Конечно, я не мог упустить свой шанс ближе познакомиться со всем, о чем когда-то делал рефераты. Изучал новости, но быстро запутался в неоднозначности толкований. Листал мемы, которые для меня были как наскальные рисунки. Просил Яну принести мне из библиотеки бумажные книги и читал их, испытывая некое новое чувство, а также уколы стыда за самозабвенные радости детства. Когда у Яны было время, вместе ходили в музеи, в театры. Только московские, конечно, для покупки железнодорожных и авиабилетов мне были нужны документы. Рискнуть и рассказать жалостливую историю в паспортном столе мы так и не решились – не было даже сведений о том, где я родился, где обучался и работал.

Своим знакомым, даже родителям, Яна обо мне не говорила. Возможно, ей было непривычно вести такой замкнутый образ жизни. Я хотел, чтобы ей не было скучно со мной, и искал развлечения для нее. Рассказывал ей истории о себе и о своих знакомых, и в антураже XXII века это было довольно забавно. Иногда смотрели фильмы и сериалы, обсуждали их. Я пробовал блюда, о которых раньше только читал, и они были приготовлены человеческими руками, и хлеб не был нарезан идеально ровно, и котлеты бывали подгоревшими, и все это было прекрасно.

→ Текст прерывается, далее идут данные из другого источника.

(* Let $f(z)=z+\sum_{n=2}^{\infty}a_nz^n$ belong to $\mathcal{S}^*_{ch}$, and let $\gamma_1=\frac12a_2$ and $\gamma_2=\frac12\big(a_3-\frac12a_2^2\big)$ be its first two logarithmic coefficients. Then $$-\frac{1}{\sqrt6}\le |\gamma_2|-|\gamma_1|\le\frac14.$$ Both inequalities are sharp (each bound is attained by some function in $\mathcal{S}^*_{ch}$).
   Context: $\mathbb{D}=\{z\in\mathbb{C}:|z|<1\}$. $\mathcal{A}$ is the class of analytic $f$ on $\mathbb{D}$ with $f(0)=0$, $f'(0)=1$. For analytic $g,h$ on $\mathbb{D}$, $g\prec h$ means there is an analytic $\omega$ on $\mathbb{D}$ with $\omega(0)=0$, $|\omega(z)|<1$, and $g=h\circ\omega$. $\mathcal{S}^*_{ch}$ is the class of $f\in\mathcal{A}$ with $\frac{zf'(z)}{f(z)}\prec z+\cosh z$ on $\mathbb{D}$. Logarithmic coefficients $\gamma_n$ are defined by $\log\frac{f(z)}{z}=2\sum_{n\ge1}\gamma_nz^n$. *)

theory Defs
  imports "HOL-Analysis.Analysis"
begin

definition unit_disc :: "complex set" where
  "unit_disc = ball 0 1"

definition classA :: "(complex \<Rightarrow> complex) \<Rightarrow> bool" where
  "classA f \<longleftrightarrow> f holomorphic_on unit_disc \<and> f 0 = 0 \<and> deriv f 0 = 1"

definition subord :: "(complex \<Rightarrow> complex) \<Rightarrow> (complex \<Rightarrow> complex) \<Rightarrow> bool" where
  "subord g h \<longleftrightarrow> (\<exists>w. w holomorphic_on unit_disc \<and> w 0 = 0 \<and>
       (\<forall>z\<in>unit_disc. norm (w z) < 1) \<and> (\<forall>z\<in>unit_disc. g z = h (w z)))"

definition starfun :: "(complex \<Rightarrow> complex) \<Rightarrow> complex \<Rightarrow> complex" where
  "starfun f z = (if z = 0 then 1 else z * deriv f z / f z)"

text \<open>The class S*_ch. The quotient z f'/f must be analytic on the disc, which forces
  f to have no zeros in the punctured disc.\<close>
definition S_ch :: "(complex \<Rightarrow> complex) \<Rightarrow> bool" where
  "S_ch f \<longleftrightarrow> classA f \<and> (\<forall>z\<in>unit_disc - {0}. f z \<noteq> 0) \<and>
      subord (starfun f) (\<lambda>z. z + cosh z)"

definition taylor_coeff :: "(complex \<Rightarrow> complex) \<Rightarrow> nat \<Rightarrow> complex" where
  "taylor_coeff f n = (deriv ^^ n) f 0 / fact n"

definition gamma1 :: "(complex \<Rightarrow> complex) \<Rightarrow> complex" where
  "gamma1 f = taylor_coeff f 2 / 2"

definition gamma2 :: "(complex \<Rightarrow> complex) \<Rightarrow> complex" where
  "gamma2 f = (taylor_coeff f 3 - (taylor_coeff f 2)^2 / 2) / 2"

Моя юная душа требовала приключений, и мне хотелось не только приобщаться к искусству. Однако бары и ночные клубы для меня оказались под запретом – Яна сообщила, что ее материнский инстинкт не настолько развит, чтобы заботиться обо мне в том состоянии, в каком я могу оказаться после контакта с несинтетическими алкогольными напитками.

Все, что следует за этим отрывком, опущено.